Мы получаем с фермы масло и другие продукты. Затем, конечно, есть дом для
приемов в центре города.
— Приемная и кабинет, я полагаю.
Он взглянул на меня не то с досадой, не то смеясь.
— Вы не можете стать на высоту положения, Монро, —
сказал он. — Никогда не встречал парня с таким убогим воображением. Вы
сами опешите, когда увидите, только не пытайтесь заранее составлять себе
представление о том, что увидите.
— В чем же дело? — спросил я.
— Видите ли, я написал вам о моей практике,
телеграфировал о ней, а вы вот сидите да спрашиваете, не работаю ли я в двух
комнатах. Если б я нанял базарную площадь, то и на ней мне негде было бы
повернуться. В силах ли ваше воображение представить большой дом, в котором
каждая комната битком набита пациентами вплоть до погреба. Ну, так вот мой
прием в нормальный день. Люди стекаются ко мне из района в пятьдесят миль в
поперечнике, запасаются бутербродами и едят на ступеньках лестницы, чтоб только
попасть первыми. Санитарный инспектор подал официальную жалобу по поводу
переполнения моих комнат. Ждут в конюшне, пристраиваются вдоль стойла и под
конской сбруей. Я буду часть их направлять к вам, дружище, и тогда вы увидите,
что это такое.
Все это крайне заинтриговало меня, как вы можете себе
представить, Берти, так как при всех преувеличениях, свойственных Колингворту,
оно должно было заключить в себе зерно истины. Я думал о том, что должен
сохранять хладнокровие и убедиться во всем своими глазами, когда карета
остановилась и мы вышли.
— Вот мой домишко, — сказал Колингворт.
Это был угловой дом в конце ряда прекрасных построек, и
более походил на шикарный отель, чем на частное жилище. Нарядная горничная
отворила дверь, и спустя минуту я пожимал руки миссис Колингворт, которая вся
была приветливость и радушие. Видимо, она забыла наше маленькое столкновение с
Колингвортом в Авонмуте.
Внутреннее убранство дома было еще пышнее, чем я ожидал по
наружному виду. Прихожая и верхний этаж были великолепно меблированы и убраны
коврами, но в задних комнатах оказалась пустота. В моей спальне стояла только
маленькая железная кровать и таз на ящике. Колингворт взял с камина молоток и
принялся вколачивать гвозди в стену у дверей.
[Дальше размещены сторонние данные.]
lemma avoids_11_000_concat_replicate_snoc_1: assumes "zero_framed B"
  shows "avoids_11_000 (concat (replicate k (B @ [1])))"
proof (induction k)
  case 0 then show ?case by (simp add: avoids_11_000_def)
next
  case (Suc k)
  have ZB1: "avoids_11_000 (B @ [1])"
    using assms by (intro avoids_11_000_append) (auto simp: zero_framed_def avoids_11_000_def prefix_def)
  have hdW: "concat (replicate k (B @ [1])) \<noteq> [] \<Longrightarrow> hd (concat (replicate k (B @ [1]))) = 0"
    using assms by (cases k) (auto simp: zero_framed_def)
  have pW: "\<not> prefix [0,0] (concat (replicate k (B @ [1])))"
  proof
    assume pp: "prefix [0,0] (concat (replicate k (B @ [1])))"
    then obtain k' where k: "k = Suc k'" by (cases k) auto
    have "prefix [0,0] (B @ ([1] @ concat (replicate k' (B @ [1]))))" using pp k by simp
    from prefix_pair_append[OF _ this] assms show False by (auto simp: zero_framed_def)
  qed
  have sB1: "\<not> suffix [0,0] (B @ [1])" by (auto simp: suffix_def)
  have e: "concat (replicate (Suc k) (B @ [1])) = (B @ [1]) @ concat (replicate k (B @ [1]))" by simp
  show ?case unfolding e by (rule avoids_11_000_append[OF ZB1 Suc.IH]) (use hdW pW sB1 in auto)
qed

lemma zero_framed_block_step: assumes "zero_framed B" "1 \<le> k"
  shows "zero_framed (concat (replicate k (B @ [1])) @ B)"
proof -
  define W where "W = concat (replicate k (B @ [1]))"
  obtain k' where k: "k = Suc k'" using assms(2) by (cases k) auto
  have W: "W = B @ [1] @ concat (replicate k' (B @ [1]))" by (simp add: W_def k)
  have W2: "W = concat (replicate k' (B @ [1])) @ B @ [1]" unfolding W_def k concat_replicate_Suc_right by simp
  have lastW: "last W = 1" using W2 by simp
  have ZW: "avoids_11_000 W" unfolding W_def using avoids_11_000_concat_replicate_snoc_1[OF assms(1)] .
  have nsW: "\<not> suffix [0,0] W" using lastW by (auto simp: suffix_def)
  have Z: "avoids_11_000 (W @ B)"
    using assms(1) lastW W nsW by (intro avoids_11_000_append[OF ZW]) (auto simp: zero_framed_def)
  have ne: "W @ B \<noteq> []" using W by simp
  have hd: "hd (W @ B) = 0" using W assms(1) by (auto simp: zero_framed_def)
  have lst: "last (W @ B) = 0" using assms(1) by (auto simp: zero_framed_def)
  have np: "\<not> prefix [0,0] (W @ B)"
  proof
    assume "prefix [0,0] (W @ B)"
    then have "prefix [0,0] (B @ ([1] @ concat (replicate k' (B @ [1])) @ B))" using W by simp
    from prefix_pair_append[OF _ this] assms(1) show False by (auto simp: zero_framed_def)
  qed
  have ns: "\<not> suffix [0,0] (W @ B)"
  proof
    assume "suffix [0,0] (W @ B)"
    from suffix_pair_append[OF _ this] assms(1) lastW show False by (auto simp: zero_framed_def)
  qed
  show ?thesis unfolding W_def[symmetric] using Z ne hd lst np ns by (simp add: zero_framed_def)
qed

lemma zero_framed_concat_replicate: assumes "zero_framed Q" "2 \<le> length Q"
  shows "avoids_11_000 (concat (replicate k Q)) \<and> (k \<ge> 1 \<longrightarrow> zero_framed (concat (replicate k Q)))"
proof (induction k)
  case 0 then show ?case by (simp add: avoids_11_000_def)
next
  case (Suc k)
  show ?case
  proof (cases k)
    case 0 then show ?thesis using assms by (simp add: zero_framed_def)
  next
    case (Suc k')
    define W where "W = concat (replicate k Q)"
    have GW: "zero_framed W" using Suc.IH Suc by (simp add: W_def)
    have lW: "length Q \<le> length W" unfolding W_def Suc by simp
    have Z: "avoids_11_000 (Q @ W)" using assms(1) GW by (intro avoids_11_000_append) (auto simp: zero_framed_def)
    have np: "\<not> prefix [0,0] (Q @ W)"
    proof
      assume "prefix [0,0] (Q @ W)"
      from prefix_pair_append[OF _ this] assms show False by (auto simp: zero_framed_def)
    qed
    have ns: "\<not> suffix [0,0] (Q @ W)"
    proof
      assume "suffix [0,0] (Q @ W)"
      from suffix_pair_append[OF _ this] GW lW assms(2) show False by (auto simp: zero_framed_def)
    qed
    have "zero_framed (Q @ W)" using Z np ns assms(1) GW by (auto simp: zero_framed_def)
    then show ?thesis unfolding concat_replicate_Suc W_def[symmetric] using zero_framed_def by auto
  qed
qed

lemma zero_framed_rkB: assumes "admissible L g" "1 \<le> n" shows "zero_framed (rkB L g n)"
  using assms(2)
proof (induction n rule: dec_induct)
  case base then show ?case by (simp add: zero_framed_def avoids_11_000_def prefix_def suffix_def)
next
  case (step n)
  have g: "1 \<le> g n" "2 \<le> L n" using assms(1) step by (auto simp: admissible_def)
  have GQ: "zero_framed (block L g n)" unfolding block_def using zero_framed_block_step[OF step.IH g(1)] .
  have "2 \<le> length (block L g n)" using g(1) length_rkB_pos[OF assms(1), of n]
    by (cases "g n") (auto simp: block_def)
  then show ?case using zero_framed_concat_replicate[OF GQ, of "L n"] g rkB_Suc_block[OF step.hyps(1)] by simp
qed

lemma avoids_11_000_rkB: assumes "admissible L g" shows "avoids_11_000 (rkB L g n)"
  using zero_framed_rkB[OF assms, of "max n 1"] by (cases n) (auto simp: zero_framed_def avoids_11_000_def)

lemma avoids_11_000_sublist:
  "avoids_11_000 z \<Longrightarrow> sublist z' z \<Longrightarrow> avoids_11_000 z'"
  unfolding avoids_11_000_def using set_mono_sublist sublist_order.order_trans by blast

lemma avoids_11_101_sublist:
  "avoids_11_101 z \<Longrightarrow> sublist z' z \<Longrightarrow> avoids_11_101 z'"
  unfolding avoids_11_101_def using set_mono_sublist sublist_order.order_trans by blast

lemma morph_rho_avoids_11:
  assumes "set z \<subseteq> {0, 1}" and "\<not> sublist [1, 1] z" and L2: "2 \<le> L 1"
  shows "\<not> sublist [1, 1] (morph (subst_rho L) z)"
  using assms(1,2)
proof (induction z)
  case (Cons a z)
  have IH: "\<not> sublist [1, 1] (morph (subst_rho L) z)"
    using Cons sublist_order.order_trans[of "[1, 1]" z "a # z"] by (auto simp: sublist_Cons_right)
  show ?case
  proof
    assume "sublist [1, 1] (morph (subst_rho L) (a # z))"
    then have "sublist [1, 1] (subst_rho L a @ morph (subst_rho L) z)" by simp
    from sublist_pair_append[OF this] IH show False
    proof (elim disjE)
      assume "sublist [1, 1] (subst_rho L a)"
      then show False by (auto simp: subst_rho_def split: if_splits dest: set_mono_sublist)
    next
      assume h: "subst_rho L a \<noteq> [] \<and> morph (subst_rho L) z \<noteq> [] \<and> last (subst_rho L a) = 1
        \<and> hd (morph (subst_rho L) z) = 1"
      then have "a \<noteq> 0" "z \<noteq> []" using L2 by (auto simp: subst_rho_def split: if_splits)
      moreover have "hd z \<noteq> 0"
      proof
        assume "hd z = 0"
        with \<open>z \<noteq> []\<close> have "hd (morph (subst_rho L) z) = 0" using hd_morph_rho[of z L] L2 by simp
        with h show False by simp
      qed
      ultimately have "sublist [1, 1] (a # z)" using Cons.prems(1)
        by (cases z) (auto simp: sublist_Cons_right)
      then show False using Cons.prems(2) by simp
    qed simp
  qed
qed simp

lemma morph_rho_avoids_101:
  assumes L2: "2 \<le> L 1"
  shows "\<not> sublist [1, 0, 1] (morph (subst_rho L) z)"
proof (induction z)
  case (Cons a z)
  show ?case
  proof
    assume "sublist [1, 0, 1] (morph (subst_rho L) (a # z))"
    then have "sublist [1, 0, 1] (subst_rho L a @ morph (subst_rho L) z)" by simp
    from sublist_triple_append[OF this] Cons.IH show False
    proof (elim disjE)
      assume "sublist [1, 0, 1] (subst_rho L a)"
      then show False by (auto simp: subst_rho_def split: if_splits dest: set_mono_sublist)
    next
      assume "suffix [1, 0] (subst_rho L a) \<and> morph (subst_rho L) z \<noteq> [] \<and> hd (morph (subst_rho L) z) = 1"
      then have "1 \<in> set (subst_rho L a)" "2 \<le> length (subst_rho L a)"
        using suffix_length_le[of "[1, 0]" "subst_rho L a"] set_mono_sublist[of "[1, 0]" "subst_rho L a"] by auto
      then show False by (cases "a = 0") (auto simp: subst_rho_def)
    next
      assume h: "subst_rho L a \<noteq> [] \<and> last (subst_rho L a) = 1 \<and> prefix [0, 1] (morph (subst_rho L) z)"
      then obtain b z' where "z = b # z'" by (cases z) (auto simp: prefix_def)
      moreover obtain l where "L 1 = Suc (Suc l)" using L2 by (metis add_2_eq_Suc le_Suc_ex)
      ultimately show False using h by (auto simp: subst_rho_def prefix_def split: if_splits)
    qed simp
  qed
qed simp

lemma avoids_11_101_morph_rho:
  assumes "avoids_11_000 z" "2 \<le> L 1"
  shows "avoids_11_101 (morph (subst_rho L) z)"
proof -
  have "set (morph (subst_rho L) z) \<subseteq> {0, 1}"
    using assms(1) by (auto simp: avoids_11_000_def morph_def subst_rho_def)
  then show ?thesis
    using assms morph_rho_avoids_11 morph_rho_avoids_101 by (auto simp: avoids_11_000_def avoids_11_101_def)
qed

lemma trailing_zeros_before_0_le_1:
  assumes "avoids_11_000 z" "z = za @ 0 # zb"
  shows "trailing_zeros za \<le> 1"
proof (rule ccontr)
  assume "\<not> trailing_zeros za \<le> 1"
  then have "3 \<le> trailing_zeros (za @ [0])" by simp
  then have "suffix (replicate 3 0) (replicate (trailing_zeros (za @ [0])) 0)" by (rule suffix_replicate_mono)
  then have "suffix (replicate 3 0) (za @ [0])"
    using suffix_replicate_trailing_zeros[of "za @ [0]"] suffix_order.order_trans by blast
  then have "suffix [0,0,0] (za @ [0])" by (simp add: numeral_3_eq_3)
  then have "sublist [0,0,0] (za @ [0])" by (rule suffix_imp_sublist)
  moreover have "sublist (za @ [0]) z" using sublist_middle[of z "[]" "za @ [0]" zb] assms(2) by simp
  ultimately have "sublist [0,0,0] z" using sublist_order.order_trans by blast
  then show False using assms(1) by (simp add: avoids_11_000_def)
qed

lemma trailing_zeros_prefix_le_2:
  assumes "avoids_11_000 z" "z = za @ zb"
  shows "trailing_zeros za \<le> 2"
proof (rule ccontr)
  assume "\<not> trailing_zeros za \<le> 2"
  then have "3 \<le> trailing_zeros za" by simp
  then have "suffix (replicate 3 0) (replicate (trailing_zeros za) 0)" by (rule suffix_replicate_mono)
  then have "suffix (replicate 3 0) za"
    using suffix_replicate_trailing_zeros[of za] suffix_order.order_trans by blast
  then have "sublist [0,0,0] za" by (simp add: numeral_3_eq_3 suffix_imp_sublist)
  moreover have "sublist za z" using assms(2) by simp
  ultimately have "sublist [0,0,0] z" using sublist_order.order_trans by blast
  then show False using assms(1) by (simp add: avoids_11_000_def)
qed

section \<open>Language and right special words\<close>

definition in_lang :: "(nat \<Rightarrow> nat) \<Rightarrow> (nat \<Rightarrow> nat) \<Rightarrow> nat list \<Rightarrow> bool" where
  "in_lang L g w \<longleftrightarrow> (\<exists>N. sublist w (rkB L g N))"

definition right_special :: "(nat \<Rightarrow> nat) \<Rightarrow> (nat \<Rightarrow> nat) \<Rightarrow> nat list \<Rightarrow> bool" where
  "right_special L g w \<longleftrightarrow> in_lang L g (w @ [0]) \<and> in_lang L g (w @ [1])"

lemma in_lang_sublist: "in_lang L g w \<Longrightarrow> sublist v w \<Longrightarrow> in_lang L g v"
  unfolding in_lang_def using sublist_order.order_trans by blast

lemma in_lang_rkB: "sublist w (rkB L g N) \<Longrightarrow> in_lang L g w"
  unfolding in_lang_def by blast

lemma sublist_rkB_mono:
  assumes "admissible L g" "sublist w (rkB L g N)" "N \<le> M"
  shows "sublist w (rkB L g M)"
  using assms prefix_rkB_mono[OF assms(1) assms(3)] prefix_imp_sublist sublist_order.order_trans by blast

lemma set_in_lang: "in_lang L g w \<Longrightarrow> set w \<subseteq> {0,1}"
  unfolding in_lang_def using set_rkB set_mono_sublist by blast

lemma in_lang_avoids_11_000:
  "admissible L g \<Longrightarrow> in_lang L g w \<Longrightarrow> avoids_11_000 w"
  unfolding in_lang_def using avoids_11_000_rkB avoids_11_000_sublist by blast

lemma in_lang_occurs_deep: assumes "admissible L g" "in_lang L g v"
  shows "\<exists>N \<alpha> \<beta>. 2 \<le> N \<and> rkB L g N = \<alpha> @ v @ \<beta> \<and> K \<le> length \<alpha>"
proof -
  from assms obtain N0 where "sublist v (rkB L g N0)" by (auto simp: in_lang_def)
  define N where "N = max N0 (K + 1)"
  have "sublist v (rkB L g N)" using sublist_rkB_mono[OF assms(1) \<open>sublist v _\<close>] by (simp add: N_def)
  then obtain a b where ab: "rkB L g N = a @ v @ b" by (auto simp: sublist_def)
  have "1 \<le> N" by (simp add: N_def)
  obtain r where r: "rkB L g (Suc N) = rkB L g N @ [1] @ rkB L g N @ r"
    using rkB_Suc_starts[OF assms(1) \<open>1 \<le> N\<close>] by blast
  have "K \<le> length (rkB L g N)" using length_rkB_ge[OF assms(1), of N] by (simp add: N_def)
  moreover have "rkB L g (Suc N) = (rkB L g N @ [1] @ a) @ v @ (b @ r)"
    using r ab by simp
  moreover have "2 \<le> Suc N" by (simp add: N_def)
  ultimately show ?thesis
    by (intro exI[of _ "Suc N"] exI[of _ "rkB L g N @ [1] @ a"] exI[of _ "b @ r"]) auto
qed

lemma right_special_suffix:
  "right_special L g v \<Longrightarrow> suffix u v \<Longrightarrow> right_special L g u"
  unfolding right_special_def suffix_def using in_lang_sublist by (metis append.assoc sublist_append_leftI)

lemma last_right_special:
  assumes adm: "admissible L g" and rs: "right_special L g v" and v: "v \<noteq> []"
  shows "last v = 0"
proof -
  have "v @ [1] = butlast v @ [last v, 1] @ []" using v by simp
  then have "sublist [last v, 1] (v @ [1])" by (rule sublist_middle)
  then have "avoids_11_000 [last v, 1]"
    using rs in_lang_sublist in_lang_avoids_11_000[OF adm] unfolding right_special_def by blast
  then show ?thesis by (auto simp: avoids_11_000_def)
qed

section \<open>Recognizability\<close>

definition tail_block1 :: "(nat \<Rightarrow> nat) \<Rightarrow> nat list" where
  "tail_block1 g = concat (replicate (g 1) [1,0])"

definition tail_block1_1_block1 :: "(nat \<Rightarrow> nat) \<Rightarrow> nat list" where
  "tail_block1_1_block1 g = tail_block1 g @ [1,0] @ tail_block1 g"

definition butlast_block1 :: "(nat \<Rightarrow> nat) \<Rightarrow> nat list" where
  "butlast_block1 g = concat (replicate (g 1) [0,1])"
— Тут вы можете повесить ваши вещи, — сказал
он. — Вам ведь не очень огорчительно потерпеть эти маленькие неудобства,
пока мы все устроим?
— Нимало.
— Видите ли, — объяснил он, — не стоит
затрачивать сорок пять фунтов на меблировку комнаты, чтобы потом выбросить все
это за окно и заменить меблировкой в сто фунтов. В этом нет смысла, Монро. А,
что? Я меблирую этот дом так, как еще никакой дом не был меблирован. Люди будут
приезжать за сто миль, чтоб полюбоваться на него. Но приходится делать это
комната за комнатой. Пойдемте вниз и полюбуйтесь на столовую. Вы должно быть
проголодались после поездки.
Столовая действительно была убрана роскошно, — ничего
пошлого и все великолепно. Ковры такой толщины, что нога точно тонула во мху.
Суп был на столе, и миссис Колингворт ожидала нас, но он повел меня по комнате
посмотреть обстановку.
— Сейчас, Гетти, — крикнул он через плечо, —
я только покажу ему все. — Ну-с, эти стулья, — сколько, вы думаете,
стоит каждый? А, что?
— Пять фунтов, — сказал я наудачу.
— Именно! — воскликнул он в восторге. —
Тридцать фунтов полдюжины. Слышишь, Гетти! Монро сразу определил цену. Теперь,
дружище, сколько за эту пару занавесей?
Пара была великолепная, пунцового бархата, с вызолоченными
карнизами. Я не решился рисковать своей неожиданно приобретенной репутацией
знатока.
— Восемьдесят фунтов! — гаркнул он, шлепая по ним
руками. — Восемьдесят фунтов, Монро. Что вы об этом думаете? Все, что есть
в этом доме, первого сорта. Да вот, посмотрите на эту горничную. Видели вы
милее?
Он схватил за руку девушку и подтащил ее ко мне. «Не
дурачься, Джимми», — кротко сказала миссис Колингворт, а он расхохотался
так, что клыки обнажились до корней под щетинистыми усами. Девушка прижалась к
госпоже, полуиспуганная — полурассерженная.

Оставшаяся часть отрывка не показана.